Silia (Joan Van Ark) is the instinctual woman, one who lives for her feelings and impulses, while her detached, intellectual husband, Leone Gala (John McMartin), lives for a life dominated by the cool forces of rationality. He shows no evidence of jealousy even when he knows his friend Guido (David Dukes) has been having an affair with Silia at the luxurious apartment he has provided for her as part of their separation agreement. Rankled by her husband’s indifference (actually a mask for his jealousy), Silia wants him to die, and contrives a situation in which he is forced to challenge to a duel a master swordsman and marksman over an alleged insult offered to Silia. Playing as he does by the “rules of the game,” Leone arranges matters so that Guido, his second, must fight the duel and thereby die in his place, a victim of what T.E. Kalem called “the deadliest rule of all: a husband’s right to kill his wife’s lover.”
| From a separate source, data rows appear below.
(* Let $S_1\subseteq S$ with $|S_1|>1$. Let $\beta\in(0,1/2^{|S|})$, $a>0$, and $\varepsilon\in\left(0,\frac12\left(\frac{a}{L}\right)^{|S|}\frac{\beta(1-\beta)}{L\,|S|^4}\right)$. Let $q$ be an irreducible transition matrix on $S$ such that $\mathbf P_{s,q}\big(T^+_{\overline{S_1}\cup\{t\}}=T^+_{\{t\}}\big)\ge a$ for all $s,t\in S_1$. Let $\widehat q$ be a transition matrix on $S$ that is $(\varepsilon,\beta)$-close to $q$ on $S_1$ and satisfies $\widehat q(t\mid s)=q(t\mid s)$ for all $s\in S\setminus S_1$, $t\in S$. Then: (1) all states of $S_1$ belong to the same recurrent class $R$ of $\widehat q$; (2) the stationary distribution $\widehat\mu$ of $\widehat q$ on $R$ satisfies $\left|1-\frac{\widehat\mu(s\mid S_1)}{\mu(s\mid S_1)}\right|\le 18\beta L$ for every $s\in S_1$, where $\mu(s\mid S_1)=\mu_s/\mu_{S_1}$ and $\widehat\mu(s\mid S_1)=\widehat\mu_s/\widehat\mu_{S_1}$.
   Context: $S$ is a finite set with $|S|\ge 2$. A transition matrix on $S$ is $q=(q(t\mid s))_{s,t\in S}$ with nonnegative entries and rows summing to $1$; $q(D\mid s)=\sum_{t\in D}q(t\mid s)$, $\overline C=S\setminus C$. For irreducible $q$, $\mu$ is its stationary distribution and $\mu_C=\sum_{s\in C}\mu_s$. $(\mathbf s_n)_{n\ge0}$ is a Markov chain with transition matrix $q$, $\mathbf P_{s,q}$ its law when $\mathbf s_0=s$; for $C\subsetneq S$, $T^+_C=\min\{n\ge1:\mathbf s_n\in C\}$ (with $\min\emptyset=+\infty$). Define $\zeta^1_q=\min_{\emptyset\neq C\subsetneq S_1}\sum_{s\in C}\mu_s q(\overline C\mid s)$. Given $\varepsilon,\beta>0$, $\widehat q$ is $(\varepsilon,\beta)$-close to $q$ on $S_1$ if for all $s,t\in S$, $\left|1-\frac{\widehat q(t\mid s)}{q(t\mid s)}\right|\le\beta$ whenever (a) $\mu_s q(t\mid s)\ge\varepsilon\zeta^1_q$ or (b) $\mu_s\widehat q(t\mid s)\ge\varepsilon\zeta^1_q$ (in case (b) this requires in particular $q(t\mid s)>0$). $L=\sum_{n=1}^{|S|-1}\binom{|S|}{n}n^{|S|}$. The stationary distribution of $\widehat q$ on $R$ is viewed as a distribution on $S$ vanishing outside $R$. *)

theory Defs
  imports Complex_Main "HOL-Library.Cardinality"
begin

text \<open>The state space S is a finite type 's; a transition matrix is q :: 's => 's => real,
  with q s t standing for q(t | s).\<close>

definition transition_matrix :: "('s::finite \<Rightarrow> 's \<Rightarrow> real) \<Rightarrow> bool" where
  "transition_matrix q \<longleftrightarrow> (\<forall>s t. 0 \<le> q s t) \<and> (\<forall>s. (\<Sum>t\<in>UNIV. q s t) = 1)"

definition irreducible :: "('s::finite \<Rightarrow> 's \<Rightarrow> real) \<Rightarrow> bool" where
  "irreducible q \<longleftrightarrow> (\<forall>s t. (s, t) \<in> {(x, y). 0 < q x y}\<^sup>*)"

definition stationary :: "('s::finite \<Rightarrow> 's \<Rightarrow> real) \<Rightarrow> ('s \<Rightarrow> real) \<Rightarrow> bool" where
  "stationary q \<mu> \<longleftrightarrow> (\<forall>s. 0 \<le> \<mu> s) \<and> (\<Sum>s\<in>UNIV. \<mu> s) = 1 \<and>
     (\<forall>t. (\<Sum>s\<in>UNIV. \<mu> s * q s t) = \<mu> t)"

text \<open>The stationary distribution of an irreducible q (unique in that case).\<close>
definition stat_dist :: "('s::finite \<Rightarrow> 's \<Rightarrow> real) \<Rightarrow> 's \<Rightarrow> real" where
  "stat_dist q = (THE \<mu>. stationary q \<mu>)"

definition recurrent_class :: "('s::finite \<Rightarrow> 's \<Rightarrow> real) \<Rightarrow> 's set \<Rightarrow> bool" where
  "recurrent_class q R \<longleftrightarrow> R \<noteq> {} \<and>
     (\<forall>x\<in>R. \<forall>y\<in>R. (x, y) \<in> {(u, v). 0 < q u v}\<^sup>*) \<and>
     (\<forall>x\<in>R. \<forall>y. 0 < q x y \<longrightarrow> y \<in> R)"

text \<open>first_entrance q C n s t = P_{s,q}(T^+_C = n and s_n = t): the probability of a path
  s = s_0, s_1, ..., s_n with s_1, ..., s_(n-1) outside C and s_n = t in C.\<close>
fun first_entrance :: "('s::finite \<Rightarrow> 's \<Rightarrow> real) \<Rightarrow> 's set \<Rightarrow> nat \<Rightarrow> 's \<Rightarrow> 's \<Rightarrow> real" where
  "first_entrance q C 0 s t = 0"
| "first_entrance q C (Suc 0) s t = (if t \<in> C then q s t else 0)"
| "first_entrance q C (Suc (Suc n)) s t = (\<Sum>u\<in>-C. q s u * first_entrance q C (Suc n) u t)"

text \<open>P_{s,q}(T^+_C < infinity and s_{T^+_C} = t).\<close>
definition hit_at :: "('s::finite \<Rightarrow> 's \<Rightarrow> real) \<Rightarrow> 's set \<Rightarrow> 's \<Rightarrow> 's \<Rightarrow> real" where
  "hit_at q C s t = (\<Sum>n. first_entrance q C n s t)"

text \<open>P_{s,q}(T^+_C = T^+_{t}) for t in C: either T^+_C is finite and the chain is at t then,
  or T^+_C = T^+_{t} = infinity.\<close>
definition prob_first_hit_eq :: "('s::finite \<Rightarrow> 's \<Rightarrow> real) \<Rightarrow> 's set \<Rightarrow> 's \<Rightarrow> 's \<Rightarrow> real" where
  "prob_first_hit_eq q C t s = hit_at q C s t + (1 - (\<Sum>u\<in>C. hit_at q C s u))"

definition zeta1 :: "('s::finite \<Rightarrow> 's \<Rightarrow> real) \<Rightarrow> 's set \<Rightarrow> real" where
  "zeta1 q S1 = Min {(\<Sum>s\<in>C. stat_dist q s * (\<Sum>t\<in>-C. q s t)) | C. C \<noteq> {} \<and> C \<subset> S1}"

definition eps_beta_close ::
  "real \<Rightarrow> real \<Rightarrow> ('s::finite \<Rightarrow> 's \<Rightarrow> real) \<Rightarrow> ('s \<Rightarrow> 's \<Rightarrow> real) \<Rightarrow> 's set \<Rightarrow> bool" where
  "eps_beta_close \<epsilon> \<beta> qh q S1 \<longleftrightarrow> (\<forall>s t.
     (stat_dist q s * q s t \<ge> \<epsilon> * zeta1 q S1 \<longrightarrow> \<bar>1 - qh s t / q s t\<bar> \<le> \<beta>) \<and>
     (stat_dist q s * qh s t \<ge> \<epsilon> * zeta1 q S1 \<longrightarrow> 0 < q s t \<and> \<bar>1 - qh s t / q s t\<bar> \<le> \<beta>))"

definition Lconst :: "nat \<Rightarrow> real" where
  "Lconst N = (\<Sum>n=1..N-1. real (N choose n) * real n ^ N)"

end

theory Submission
  imports Defs "HOL-Analysis.Cartesian_Space"
begin

text \<open>The perturbed chain qh agrees with q off S1, so both chains have the same entry function
  G_A(v) = P_v(the chain enters S1 first in A), harmonic off S1. For nonempty A \<subset> S1, the
  invariance of a measure \<nu> gives the flow balance
  \<Sum>_A \<nu> (1 - qh G_A) = \<Sum>_(S1 \<setminus> A) \<nu> qh G_A.
  For \<nu> = \<mu> and the chain q the common value is at least a \<zeta>, by the hitting hypothesis;
  (\<epsilon>,\<beta>)-closeness changes both sides by a factor 1 \<plusminus> \<beta> up to an error
  |S|^2 \<epsilon> \<zeta> that is small against a \<beta> \<zeta>. This yields the escape inequality
  \<Sum>_(S1 \<setminus> A) \<mu> qh G_A < (1 + 3\<beta>) \<Sum>_A \<mu> (1 - qh G_A), whose right side is positive:
  S1 communicates under qh and lies in a single recurrent class. Comparing the flow balance for
  the stationary distribution of qh with the escape inequality, every superlevel set of the
  density \<mu>h/\<mu> on S1 can be enlarged at the cost of a factor 1 + 3\<beta>, so the density varies on
  S1 by a factor at most (1 + 3\<beta>)^(|S1| - 1) \<le> 1 + 18 \<beta> L.\<close>

definition expect_next :: "('s::finite \<Rightarrow> 's \<Rightarrow> real) \<Rightarrow> ('s \<Rightarrow> real) \<Rightarrow> 's \<Rightarrow> real" where
  "expect_next p f u = (\<Sum>w\<in>UNIV. p u w * f w)"

lemma transition_matrix_nonneg: "transition_matrix q \<Longrightarrow> 0 \<le> q s t"
  by (simp add: transition_matrix_def)

lemma transition_matrix_row_sum: "transition_matrix q \<Longrightarrow> (\<Sum>t\<in>UNIV. q s t) = 1"
  by (simp add: transition_matrix_def)

lemma sum_split_Compl:
  fixes f :: "'s::finite \<Rightarrow> 'a::comm_monoid_add"
  shows "(\<Sum>x\<in>UNIV. f x) = (\<Sum>x\<in>C. f x) + (\<Sum>x\<in>-C. f x)"
  using sum.subset_diff[of C UNIV f] by (simp add: Compl_eq_Diff_UNIV add.commute)

lemma expect_next_one_minus:
  "transition_matrix p \<Longrightarrow> 1 - expect_next p f u = expect_next p (\<lambda>w. 1 - f w) u"
  by (simp add: expect_next_def transition_matrix_row_sum right_diff_distrib sum_subtractf)

lemma expect_next_bounds:
  assumes p: "transition_matrix p" and f: "\<And>w. 0 \<le> f w" "\<And>w. f w \<le> 1"
  shows "0 \<le> expect_next p f u" "expect_next p f u \<le> 1"
proof -
  show "0 \<le> expect_next p f u"
    unfolding expect_next_def by (intro sum_nonneg mult_nonneg_nonneg transition_matrix_nonneg[OF p] f)
  have "expect_next p f u \<le> (\<Sum>w\<in>UNIV. p u w)"
    unfolding expect_next_def by (intro sum_mono mult_left_le transition_matrix_nonneg[OF p] f)
  then show "expect_next p f u \<le> 1" by (simp add: transition_matrix_row_sum[OF p])
qed

section \<open>Stationary distributions of irreducible chains\<close>

lemma invariant_vector_exists:
  fixes q :: "'s::finite \<Rightarrow> 's \<Rightarrow> real"
  assumes tm: "transition_matrix q"
  shows "\<exists>x. x \<noteq> (\<lambda>_. 0) \<and> (\<forall>t. (\<Sum>s\<in>UNIV. x s * q s t) = x t)"
proof -
  define f :: "real^'s \<Rightarrow> real^'s" where "f = (\<lambda>x. \<chi> t. x$t - (\<Sum>s\<in>UNIV. x$s * q s t))"
  have lin: "linear f"
    unfolding f_def
    by (rule linearI) (auto simp: vec_eq_iff algebra_simps sum.distrib sum_distrib_left)
  \<comment> \<open>The image of f consists of zero-sum vectors, so f is not surjective.\<close>
  have zero_sum: "(\<Sum>t\<in>UNIV. f x $ t) = 0" for x
  proof -
    have "(\<Sum>t\<in>UNIV. \<Sum>s\<in>UNIV. x$s * q s t) = (\<Sum>s\<in>UNIV. x$s * (\<Sum>t\<in>UNIV. q s t))"
      by (subst sum.swap) (simp add: sum_distrib_left)
    moreover have "(\<Sum>t\<in>UNIV. f x $ t) = (\<Sum>t\<in>UNIV. x$t) - (\<Sum>t\<in>UNIV. \<Sum>s\<in>UNIV. x$s * q s t)"
      by (simp add: f_def sum_subtractf)
    ultimately show ?thesis by (simp add: transition_matrix_row_sum[OF tm])
  qed
  have "\<not> surj f"
  proof
    assume "surj f"
    then obtain x where "f x = (\<chi> t. if t = undefined then 1 else 0)" by (metis surjD)
    then have "(\<Sum>t\<in>UNIV. f x $ t) = 1" by simp
    then show False using zero_sum[of x] by simp
  qed
  then have "\<not> inj f" using linear_injective_imp_surjective[OF lin] by blast
  then obtain x where x: "f x = 0" "x \<noteq> 0" using linear_injective_0[OF lin] by blast
  show ?thesis
  proof (intro exI conjI allI)
    show "(\<lambda>s. x$s) \<noteq> (\<lambda>_. 0)" using x(2) by (auto simp: vec_eq_iff)
    show "(\<Sum>s\<in>UNIV. x$s * q s t) = x$t" for t
    proof -
      have "f x $ t = 0" using x(1) by simp
      then show ?thesis by (simp add: f_def)
    qed
  qed
qed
John McMartin, David Dukes.

The Rules of the Game, the play being rehearsed at the start of Pirandello’s classic Six Characters in Search of an Author, proved to be a suspenseful, intellectually invigorating exercise, but the consensus was that its performance left much to be desired. According to Clive Barnes, “the acting was not quite good enough for this strangely stylized comedy of ill manners. When Mr. [Paul] Scofield played Gala [three years earlier, at London’s National Theatre], he played him with a frozen indifference and a blazing intellectuality that was almost a moral force. . . . John McMartin . . . has little of this certainty. His metallic voice charmingly bumbles on, and he is almost pathetic as a betrayed husband about to be led to his doom. . . .”

Joel Fabiani, John McMartin, Charles Kimbrough.

Harold Clurman, opining that the company simply lacked the actors to pull this play off, said that the husband’s role needed “a 40-year-old John Barrymore . . . and all the Phoenix can provide is John McMartin, a character actor best in the impersonation of clowns, weaklings and dotards.” T.E. Kalem, however, had other thoughts, pointing to "a polished cast paced by the sensitive honesty of John McMartin's performance makes the evening hum with suspense." 

Barnes added that Joan Van Ark “is perfectly admirable within [the play’s] own conventions but lacks the capricious willfulness of Pirandello's actual heroine. The only character who truly stood within the actual play was the Guido of David Dukes, half‐elegant barfly and half‐Mafia scion . . . , who wanders through the action like a somnambulist closed‐liddedly intent on some unknowing destiny—a pawn to the great playwright in the skies.” Other cast members of note included Peter Friedman, Charles Kimbrough, Ellen Tovatt, Munson Hicks, and as one of the “neighbors,” a young actress named Glenn Close.